>>>

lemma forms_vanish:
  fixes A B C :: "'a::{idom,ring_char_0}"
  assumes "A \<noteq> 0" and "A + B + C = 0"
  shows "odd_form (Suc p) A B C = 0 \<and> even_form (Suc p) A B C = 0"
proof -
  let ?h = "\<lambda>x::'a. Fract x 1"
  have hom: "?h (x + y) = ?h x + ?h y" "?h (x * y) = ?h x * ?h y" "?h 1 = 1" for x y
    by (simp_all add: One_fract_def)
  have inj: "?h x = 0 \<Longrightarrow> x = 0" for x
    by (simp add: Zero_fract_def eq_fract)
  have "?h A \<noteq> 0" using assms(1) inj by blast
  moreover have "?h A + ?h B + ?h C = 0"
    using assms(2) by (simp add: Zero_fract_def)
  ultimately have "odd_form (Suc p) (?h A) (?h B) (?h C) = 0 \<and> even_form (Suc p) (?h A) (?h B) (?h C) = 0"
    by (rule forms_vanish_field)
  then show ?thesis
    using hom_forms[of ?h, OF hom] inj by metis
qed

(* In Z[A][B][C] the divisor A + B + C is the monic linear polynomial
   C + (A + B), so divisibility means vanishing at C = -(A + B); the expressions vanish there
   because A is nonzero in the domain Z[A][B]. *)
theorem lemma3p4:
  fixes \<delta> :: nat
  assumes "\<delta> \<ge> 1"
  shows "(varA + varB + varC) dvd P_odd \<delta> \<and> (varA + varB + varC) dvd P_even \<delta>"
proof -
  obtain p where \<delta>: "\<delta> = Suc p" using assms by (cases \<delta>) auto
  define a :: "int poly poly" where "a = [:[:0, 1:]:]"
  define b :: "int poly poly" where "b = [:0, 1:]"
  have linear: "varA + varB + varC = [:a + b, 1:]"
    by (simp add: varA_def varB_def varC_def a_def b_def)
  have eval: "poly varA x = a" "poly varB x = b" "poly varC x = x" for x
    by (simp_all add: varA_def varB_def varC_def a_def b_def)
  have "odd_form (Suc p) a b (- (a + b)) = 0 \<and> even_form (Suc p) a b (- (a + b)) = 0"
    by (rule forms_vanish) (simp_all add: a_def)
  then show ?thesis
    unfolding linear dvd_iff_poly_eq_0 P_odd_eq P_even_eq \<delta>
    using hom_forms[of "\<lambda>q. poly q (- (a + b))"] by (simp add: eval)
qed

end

<<<
>>>

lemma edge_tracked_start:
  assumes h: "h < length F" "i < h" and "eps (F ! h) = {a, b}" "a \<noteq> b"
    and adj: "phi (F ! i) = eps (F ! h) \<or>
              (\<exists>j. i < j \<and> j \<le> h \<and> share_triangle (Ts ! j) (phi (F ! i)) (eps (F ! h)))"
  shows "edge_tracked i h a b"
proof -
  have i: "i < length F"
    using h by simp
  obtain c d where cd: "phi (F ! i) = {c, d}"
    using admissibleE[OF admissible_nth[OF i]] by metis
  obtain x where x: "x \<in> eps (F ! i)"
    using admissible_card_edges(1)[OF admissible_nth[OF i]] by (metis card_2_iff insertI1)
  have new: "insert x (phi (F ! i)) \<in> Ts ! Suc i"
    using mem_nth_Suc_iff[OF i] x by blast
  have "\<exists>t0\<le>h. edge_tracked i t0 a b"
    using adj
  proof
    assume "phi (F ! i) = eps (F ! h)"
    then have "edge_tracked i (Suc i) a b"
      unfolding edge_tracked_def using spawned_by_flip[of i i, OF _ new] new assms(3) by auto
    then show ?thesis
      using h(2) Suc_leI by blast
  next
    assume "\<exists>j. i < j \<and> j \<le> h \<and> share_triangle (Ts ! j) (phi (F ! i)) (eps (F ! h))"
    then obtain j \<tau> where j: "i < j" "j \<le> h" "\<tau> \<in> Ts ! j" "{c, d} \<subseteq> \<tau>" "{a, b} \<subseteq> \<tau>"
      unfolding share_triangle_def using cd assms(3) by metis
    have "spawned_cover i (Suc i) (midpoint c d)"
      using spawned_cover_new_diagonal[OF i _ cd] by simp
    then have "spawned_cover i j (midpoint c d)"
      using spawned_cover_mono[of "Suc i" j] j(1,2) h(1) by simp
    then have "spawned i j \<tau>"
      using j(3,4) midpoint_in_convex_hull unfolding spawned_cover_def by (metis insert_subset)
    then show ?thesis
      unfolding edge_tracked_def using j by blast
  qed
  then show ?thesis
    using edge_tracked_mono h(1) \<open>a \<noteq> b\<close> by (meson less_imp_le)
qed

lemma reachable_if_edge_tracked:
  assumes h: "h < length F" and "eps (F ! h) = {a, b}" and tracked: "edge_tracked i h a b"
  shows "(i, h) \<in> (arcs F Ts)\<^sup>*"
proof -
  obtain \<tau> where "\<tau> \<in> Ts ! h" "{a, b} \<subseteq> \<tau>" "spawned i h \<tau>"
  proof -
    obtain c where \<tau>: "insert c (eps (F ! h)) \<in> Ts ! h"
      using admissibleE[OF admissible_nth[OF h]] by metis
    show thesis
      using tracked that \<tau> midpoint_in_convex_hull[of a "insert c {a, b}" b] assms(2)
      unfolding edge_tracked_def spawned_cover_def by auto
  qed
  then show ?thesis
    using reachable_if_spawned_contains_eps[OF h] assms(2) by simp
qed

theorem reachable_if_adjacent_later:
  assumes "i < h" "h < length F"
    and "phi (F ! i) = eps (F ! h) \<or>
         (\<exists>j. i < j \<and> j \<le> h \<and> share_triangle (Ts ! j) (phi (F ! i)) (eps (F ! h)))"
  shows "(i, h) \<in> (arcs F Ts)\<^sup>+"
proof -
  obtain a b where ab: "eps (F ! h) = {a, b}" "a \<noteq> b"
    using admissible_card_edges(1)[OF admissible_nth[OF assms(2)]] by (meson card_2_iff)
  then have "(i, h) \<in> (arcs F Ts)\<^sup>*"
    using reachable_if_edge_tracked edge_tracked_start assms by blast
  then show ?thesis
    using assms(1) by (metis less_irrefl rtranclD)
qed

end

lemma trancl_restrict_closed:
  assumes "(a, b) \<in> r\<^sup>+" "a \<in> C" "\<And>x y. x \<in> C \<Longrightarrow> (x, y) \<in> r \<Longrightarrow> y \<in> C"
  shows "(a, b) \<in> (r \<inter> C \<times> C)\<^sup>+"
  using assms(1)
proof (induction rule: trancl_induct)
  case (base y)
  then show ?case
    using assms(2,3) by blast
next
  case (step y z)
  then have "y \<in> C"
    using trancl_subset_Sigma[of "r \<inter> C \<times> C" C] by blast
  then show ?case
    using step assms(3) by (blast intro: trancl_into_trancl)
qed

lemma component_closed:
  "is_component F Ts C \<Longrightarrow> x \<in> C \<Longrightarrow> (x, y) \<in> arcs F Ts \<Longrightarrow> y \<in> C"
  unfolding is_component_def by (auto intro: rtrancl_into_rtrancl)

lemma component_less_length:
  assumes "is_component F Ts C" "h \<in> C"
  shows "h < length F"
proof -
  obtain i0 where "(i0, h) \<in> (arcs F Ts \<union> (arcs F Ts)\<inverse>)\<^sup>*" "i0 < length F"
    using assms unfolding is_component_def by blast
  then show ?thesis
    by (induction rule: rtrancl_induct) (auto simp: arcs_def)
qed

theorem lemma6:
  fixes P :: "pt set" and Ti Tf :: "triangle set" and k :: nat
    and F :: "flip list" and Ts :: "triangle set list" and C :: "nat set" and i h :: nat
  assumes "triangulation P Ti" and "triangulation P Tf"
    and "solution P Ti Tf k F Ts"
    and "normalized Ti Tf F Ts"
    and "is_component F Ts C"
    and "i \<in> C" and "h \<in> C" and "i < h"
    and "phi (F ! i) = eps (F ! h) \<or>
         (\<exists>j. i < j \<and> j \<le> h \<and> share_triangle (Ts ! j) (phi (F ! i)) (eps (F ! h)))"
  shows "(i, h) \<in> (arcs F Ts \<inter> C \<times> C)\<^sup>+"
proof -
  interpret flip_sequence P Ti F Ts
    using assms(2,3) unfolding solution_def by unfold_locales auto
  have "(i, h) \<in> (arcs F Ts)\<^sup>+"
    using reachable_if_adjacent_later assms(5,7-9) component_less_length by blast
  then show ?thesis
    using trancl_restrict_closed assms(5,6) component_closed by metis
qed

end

<<<

■ EXERCISE DIRECTIONS:
If a line in the entries above contains the word "subseteq", copy it.

■ PROBLEM SOLUTION:
    then obtain j \<tau> where j: "i < j" "j \<le> h" "\<tau> \<in> Ts ! j" "{c, d} \<subseteq> \<tau>" "{a, b} \<subseteq> \<tau>"
  obtain \<tau> where "\<tau> \<in> Ts ! h" "{a, b} \<subseteq> \<tau>" "spawned i h \<tau>"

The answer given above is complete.